Newswise — Winter months often bring in cold, harsh changes for skin and hair, but a few good habits can alleviate dryness as well as the discomfort of itchy skin. UT Southwestern dermatologists offer some insight on the role moisture plays, and how to keep your skin and hair healthy when the temperatures drop.

“The relative lack of humidity during the winter months coupled with indoor heating systems will significantly dry out skin,” said Dr. Stephanie Savory, Assistant Professor of Dermatology at UT Southwestern.

While a change in weather is the main culprit of winter skin care, Dr. Savory said aging also is a key factor.

“As we age, the oil glands in our skin as a whole are less able to keep up with the dryness in our environment. Thus, we dry out more easily than we did when we were younger,” Dr. Savory said.
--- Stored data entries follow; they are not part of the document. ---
lemma Eh_diff_le:
  assumes M: "struct_mesh T \<Omega> h" and \<eta>: "\<eta> > 0"
    and \<phi>: "\<phi> \<in> Phi_h T \<Omega>" and \<psi>: "\<psi> \<in> Phi_h T \<Omega>"
  shows "Eh T \<Omega> \<eta> \<phi> - Eh T \<Omega> \<eta> \<psi>
    \<le> integral \<Omega> (\<lambda>x. grad \<phi> x \<bullet> grad (\<lambda>y. \<phi> y - \<psi> y) x)
       + lumped T \<Omega> (\<lambda>x. Ih T (\<lambda>y. deriv (Fc \<eta>) (\<phi> y)) x + Ih T (\<lambda>y. deriv (Fe \<eta>) (\<psi> y)) x)
           (\<lambda>x. \<phi> x - \<psi> x)"
  using gradient_energy_diff_le[OF M \<phi> \<psi>] potential_energy_diff_le[OF M \<eta>, of \<phi> \<psi>]
  unfolding Eh_def by linarith

theorem lemma4:
  fixes T :: "'d::finite elem set" and \<Omega> :: "(real^'d) set"
    and h \<eta> \<epsilon> \<Delta>t :: real and k :: nat
    and \<phi>n \<phi>1 \<mu>1 :: "real^'d \<Rightarrow> real"
  assumes dim: "CARD('d) \<le> 3"
    and mesh: "struct_mesh T \<Omega> h"
    and eta: "\<eta> > 0"
    and eps: "0 < \<epsilon>" "\<epsilon> < 1/2"
    and dt: "\<Delta>t > 0"
    and k: "k \<ge> 1"
    and phin: "\<phi>n \<in> Phi_h T \<Omega>"
    and phi1: "\<phi>1 \<in> Phi_h T \<Omega>"
    and mu1: "\<mu>1 \<in> M_h T \<Omega> k"
    and eq1: "\<forall>\<mu>b \<in> M_h T \<Omega> k.
        (1 / \<Delta>t) * lumped T \<Omega> (\<lambda>x. \<phi>1 x - \<phi>n x) \<mu>b
        + integral \<Omega> (\<lambda>x. (MG T \<epsilon> \<phi>1 x *v grad \<mu>1 x) \<bullet> grad \<mu>b x) = 0"
    and eq2: "\<forall>\<phi>b \<in> Phi_h T \<Omega>.
        integral \<Omega> (\<lambda>x. grad \<phi>1 x \<bullet> grad \<phi>b x)
        + lumped T \<Omega> (\<lambda>x. Ih T (\<lambda>y. deriv (Fc \<eta>) (\<phi>1 y)) x
                          + Ih T (\<lambda>y. deriv (Fe \<eta>) (\<phi>n y)) x) \<phi>b
        = lumped T \<Omega> \<mu>1 \<phi>b"
  shows "integral \<Omega> \<phi>1 = integral \<Omega> \<phi>n \<and>
         (Eh T \<Omega> \<eta> \<phi>1 - Eh T \<Omega> \<eta> \<phi>n) / \<Delta>t
         + integral \<Omega> (\<lambda>x. (norm (sqrtMG T \<epsilon> \<phi>1 x *v grad \<mu>1 x))^2) \<le> 0"
proof -
  define D where "D = (\<lambda>x. \<phi>1 x - \<phi>n x)"
  have D: "D \<in> Phi_h T \<Omega>"
    unfolding D_def by (rule Phi_h_diff[OF phi1 phin])
  have "lumped T \<Omega> D (\<lambda>_. 1) = 0"
    using eq1[rule_format, OF const_in_M_h] dt by (simp add: grad_const D_def)
  then have mass: "integral \<Omega> \<phi>1 = integral \<Omega> \<phi>n"
    using lumped_one[OF mesh D]
      integral_diff[OF Phi_h_integrable[OF mesh phi1] Phi_h_integrable[OF mesh phin]]
    by (simp add: D_def)
  have "Eh T \<Omega> \<eta> \<phi>1 - Eh T \<Omega> \<eta> \<phi>n \<le> lumped T \<Omega> D \<mu>1"
    using Eh_diff_le[OF mesh eta phi1 phin] eq2[rule_format, OF D] lumped_commute[of T \<Omega> \<mu>1 D]
    by (simp add: D_def)
  then have "(Eh T \<Omega> \<eta> \<phi>1 - Eh T \<Omega> \<eta> \<phi>n) / \<Delta>t \<le> lumped T \<Omega> D \<mu>1 / \<Delta>t"
    using dt by (simp add: divide_right_mono)
  moreover have "lumped T \<Omega> D \<mu>1 / \<Delta>t
      + integral \<Omega> (\<lambda>x. (norm (sqrtMG T \<epsilon> \<phi>1 x *v grad \<mu>1 x))^2) = 0"
    using eq1[rule_format, OF mu1] by (simp add: MG_quadratic_form[OF eps] D_def)
  ultimately show ?thesis
    using mass by linarith
qed
(* Let $n$ be a positive integer such that every component of $2n+1$ is greater than $34$. Let $G$ be any one of the groups $C_3\rtimes C_8=\langle a,b\mid a^8=b^3=1,\ ab^{-1}=ba\rangle$, $SL(2,3)$, or $\mathbb{Z}_3\times D_8$. Then there exists a $(48n+24,[34^n,4^{2n},2^{3n},24],24)$ partitioned difference family in $G\times\mathbb{F}_{2n+1}$.
   Context: The components of an integer $m$ are its maximal prime power factors, and $\mathbb{F}_m$ denotes the ring which is the direct product of the finite fields whose orders are the components of $m$; in $G\times\mathbb{F}_{2n+1}$ the second factor is taken with its additive group. For a finite group $\Gamma$ and $B\subseteq\Gamma$, $\Delta B$ is the multiset of differences $xy^{-1}$ (or $x-y$ additively) over ordered pairs of distinct $x,y\in B$; for $\mathcal{F}=\{B_1,\dots,B_t\}$, $\Delta\mathcal{F}$ is the multiset union of the $\Delta B_i$. A $(v,[k_1,\dots,k_t],\lambda)$ partitioned difference family in $\Gamma$ ($|\Gamma|=v$) is a partition of $\Gamma$ into blocks $B_i$ with $|B_i|=k_i$ such that $\Delta\mathcal{F}$ contains every non-identity element exactly $\lambda$ times. Exponents denote multiplicities of block sizes. $D_{8}=\langle x,y\mid x^4=1,\ y^2=1,\ yx^i=x^{-i}y\rangle$ is the dihedral group of order $8$; $SL(2,3)$ is the group of $2\times2$ matrices over $\mathbb{Z}_3$ of determinant $1$. *)

theory Defs
  imports "HOL-Analysis.Analysis" "HOL-Library.Numeral_Type" "HOL-Algebra.Algebra"
    "HOL-Computational_Algebra.Primes"
begin

definition components :: "nat \<Rightarrow> nat set" where
  "components m = {p ^ multiplicity p m | p. p \<in> prime_factors m}"

text \<open>Additive group of the ring F_m = product of the finite fields whose orders are the
  components of m; the fields are given as a family Fld indexed by the components.\<close>
definition addF :: "nat \<Rightarrow> (nat \<Rightarrow> 'b ring) \<Rightarrow> (nat \<Rightarrow> 'b) monoid" where
  "addF m Fld = product_group (components m) (\<lambda>q. add_monoid (Fld q))"

definition is_field_family :: "nat \<Rightarrow> (nat \<Rightarrow> 'b ring) \<Rightarrow> bool" where
  "is_field_family m Fld \<longleftrightarrow> (\<forall>q \<in> components m.
     field (Fld q) \<and> finite (carrier (Fld q)) \<and> card (carrier (Fld q)) = q)"

definition is_PDF :: "('a, 'm) monoid_scheme \<Rightarrow> nat \<Rightarrow> nat list \<Rightarrow> nat \<Rightarrow> 'a set list \<Rightarrow> bool" where
  "is_PDF Gam v ks lam Bs \<longleftrightarrow>
     card (carrier Gam) = v \<and>
     (\<forall>B \<in> set Bs. B \<subseteq> carrier Gam \<and> B \<noteq> {}) \<and>
     (\<forall>i < length Bs. \<forall>j < length Bs. i \<noteq> j \<longrightarrow> Bs ! i \<inter> Bs ! j = {}) \<and>
     \<Union> (set Bs) = carrier Gam \<and>
     mset (map card Bs) = mset ks \<and>
     (\<forall>g \<in> carrier Gam. g \<noteq> \<one>\<^bsub>Gam\<^esub> \<longrightarrow>
        sum_list (map (\<lambda>B. card {(x, y). x \<in> B \<and> y \<in> B \<and> x \<noteq> y \<and>
                                   x \<otimes>\<^bsub>Gam\<^esub> inv\<^bsub>Gam\<^esub> y = g}) Bs) = lam)"

definition has_PDF :: "('a, 'm) monoid_scheme \<Rightarrow> nat \<Rightarrow> nat list \<Rightarrow> nat \<Rightarrow> bool" where
  "has_PDF Gam v ks lam \<longleftrightarrow> (\<exists>Bs. is_PDF Gam v ks lam Bs)"

text \<open>C3 \<rtimes> C8 = <a,b | a^8 = b^3 = 1, a b^-1 = b a>; the pair (i,j) stands for a^i b^j.
  Since a b a^-1 = b^-1, (a^i b^j)(a^k b^l) = a^(i+k) b^((-1)^k j + l).\<close>
definition C3_rtimes_C8 :: "(nat \<times> nat) monoid" where
  "C3_rtimes_C8 = \<lparr> carrier = {0..<8} \<times> {0..<3},
     mult = (\<lambda>(i, j) (k, l). ((i + k) mod 8, (if even k then j + l else 2 * j + l) mod 3)),
     one = (0, 0) \<rparr>"

definition SL23 :: "(3 ^ 2 ^ 2) monoid" where
  "SL23 = \<lparr> carrier = {A. det A = 1}, mult = (\<lambda>A B. A ** B), one = mat 1 \<rparr>"

text \<open>D8 = <x,y | x^4 = 1, y^2 = 1, y x^i = x^-i y>; (i,j) stands for x^i y^j, so
  (x^i y^j)(x^k y^l) = x^(i + (-1)^j k) y^(j+l).\<close>
definition D8 :: "(nat \<times> nat) monoid" where
  "D8 = \<lparr> carrier = {0..<4} \<times> {0..<2},
     mult = (\<lambda>(i, j) (k, l). ((if even j then i + k else i + 3 * k) mod 4, (j + l) mod 2)),
     one = (0, 0) \<rparr>"

definition Z3_times_D8 :: "(int \<times> (nat \<times> nat)) monoid" where
  "Z3_times_D8 = integer_mod_group 3 \<times>\<times> D8"

definition blocksizes :: "nat \<Rightarrow> nat list" where
  "blocksizes n = replicate n 34 @ replicate (2 * n) 4 @ replicate (3 * n) 2 @ [24]"

end

theory Submission
  imports Defs
begin

lemma (in group) inv_neq_self_of_odd_order:
  assumes "odd (order G)" "z \<in> carrier G" "z \<noteq> \<one>"
  shows "inv z \<noteq> z"
proof
  assume "inv z = z"
  then have "z [^] (2::nat) = \<one>"
    using assms(2) by (metis r_inv nat_pow_Suc nat_pow_0 l_one numeral_2_eq_2)
  then have dvd2: "ord z dvd 2" using assms(2) pow_eq_id by blast
  have "odd (ord z)" using ord_dvd_group_order[OF assms(2)] assms(1) dvd_trans by blast
  moreover have "ord z \<noteq> 0" "ord z \<le> 2"
    using dvd2 dvd_pos_nat[of 2 "ord z"] dvd_imp_le[of "ord z" 2] by auto
  ultimately have "ord z = 1" by presburger
  then show False using ord_eq_1 assms(2,3) by blast
qed

definition inverse_transversal :: "('a, 'm) monoid_scheme \<Rightarrow> 'a set \<Rightarrow> bool" where
  "inverse_transversal G S \<longleftrightarrow> S \<subseteq> carrier G - {\<one>\<^bsub>G\<^esub>} \<and> (\<forall>z \<in> S. inv\<^bsub>G\<^esub> z \<notin> S) \<and>
     (\<forall>z \<in> carrier G - {\<one>\<^bsub>G\<^esub>}. z \<in> S \<or> inv\<^bsub>G\<^esub> z \<in> S)"

lemma (in group) exists_inverse_transversal:
  assumes "odd (order G)"
  shows "\<exists>S. inverse_transversal G S"
proof -
  define rep where "rep z = (SOME y. y \<in> {z, inv z})" for z
  have rep_in: "rep z = z \<or> rep z = inv z" for z
    using someI[of "\<lambda>y. y \<in> {z, inv z}" z] unfolding rep_def by blast
  have rep_inv: "rep (inv z) = rep z" if "z \<in> carrier G" for z
    using that by (simp add: rep_def insert_commute)
  define S where "S = {z \<in> carrier G - {\<one>}. rep z = z}"
  have "S \<subseteq> carrier G - {\<one>}" unfolding S_def by blast
  moreover have "inv z \<notin> S" if z: "z \<in> S" for z
  proof
    assume "inv z \<in> S"
    then have "z = inv z" using z rep_inv[of z] unfolding S_def by simp
    then show False using inv_neq_self_of_odd_order[OF assms, of z] z unfolding S_def by simp
  qed
  moreover have "z \<in> S \<or> inv z \<in> S" if z: "z \<in> carrier G - {\<one>}" for z
    using rep_in[of z] rep_inv[of z] z unfolding S_def by auto
  ultimately show ?thesis unfolding inverse_transversal_def by blast
qed

lemma (in group) card_inverse_transversal:
  assumes "finite (carrier G)" "inverse_transversal G S"
  shows "2 * card S + 1 = order G"
proof -
  have S: "S \<subseteq> carrier G - {\<one>}" and no_inv: "\<And>z. z \<in> S \<Longrightarrow> inv z \<notin> S"
    and cover: "\<And>z. z \<in> carrier G - {\<one>} \<Longrightarrow> z \<in> S \<or> inv z \<in> S"
    using assms(2) unfolding inverse_transversal_def by blast+
  have split: "carrier G - {\<one>} = S \<union> m_inv G ` S"
  proof
    show "carrier G - {\<one>} \<subseteq> S \<union> m_inv G ` S"
    proof
      fix z assume z: "z \<in> carrier G - {\<one>}"
      show "z \<in> S \<union> m_inv G ` S"
      proof (cases "z \<in> S")
        case False
        then have "inv z \<in> S" using cover[OF z] by blast
        moreover have "z = inv (inv z)" using z by simp
        ultimately show ?thesis by (metis UnI2 image_eqI)
      qed simp
    qed
    show "S \<union> m_inv G ` S \<subseteq> carrier G - {\<one>}"
    proof (intro Un_least image_subsetI)
      fix z assume "z \<in> S"
      then show "inv z \<in> carrier G - {\<one>}" using S by auto
    qed (rule S)
  qed
  have "S \<inter> m_inv G ` S = {}"
    using no_inv by blast
  moreover have "card (m_inv G ` S) = card S"
    using S by (intro card_image inj_onI) (metis DiffD1 inv_inv subsetD)
  moreover have "finite S" using S assms(1) finite_subset by blast
  ultimately have "card (carrier G - {\<one>}) = 2 * card S"
    unfolding split by (simp add: card_Un_disjoint)
  moreover have "card (carrier G) > 0"
    using assms(1) one_closed card_gt_0_iff by blast
  then have "card (carrier G - {\<one>}) + 1 = card (carrier G)"
    using one_closed by (simp add: card_Diff_singleton)
  ultimately show ?thesis
    by (simp add: order_def)
qed

definition diff_count :: "('a, 'm) monoid_scheme \<Rightarrow> 'a set \<Rightarrow> 'a \<Rightarrow> nat" where
  "diff_count Gam B g = card {(x, y). x \<in> B \<and> y \<in> B \<and> x \<noteq> y \<and> x \<otimes>\<^bsub>Gam\<^esub> inv\<^bsub>Gam\<^esub> y = g}"

lemmas is_PDF_diff_count_def = is_PDF_def[folded diff_count_def]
Below are a few tips Dr. Savory suggests to help keep your skin and hair healthy during winter:

  • Take short, warm showers – Though they may feel good, long, hot showers can pull moisture from the skin and dry you out even more. Short (less than 10 minutes), lukewarm showers or baths with moisturizing soap are preferable in winter.
  • Moisturize, moisturize, moisturize – Within 2-3 minutes of emerging from the shower, apply a coat of a fragrance-free, moisturizing cream or ointment, not lotion, all over the body to lock in the skin's moisture. Sleeping with a humidifier in your bedroom will also help moisten the air.
  • Use a leave-in conditioner to protect the scalp and hair – Just like skin on other areas of the body, the scalp dries more easily in winter. If you notice more dryness or itching of the scalp outside of scalp disease such as dandruff or psoriasis, try a leave-in, deep conditioner a couple of times per week. If the symptoms don’t improve, see a dermatologist.
  • Always use sunscreen – There is still significant UV exposure on cloudy days and cold days. Everyone needs a daily sunscreen, gentle cleanser, and moisturizer to use year-round. Sunscreen not only helps prevent skin cancer such as melanoma, but it maintains the thickness of the skin, which contributes to a youthful appearance and can help reduce the appearance of wrinkles and sunspots that often give an aged, sun-damaged look. Thus, sunscreen is important every day, even if it's cold, cloudy, or if you're only leaving home for a short while. Choose one that has UVA and UVB coverage, and is SPF 30 or higher.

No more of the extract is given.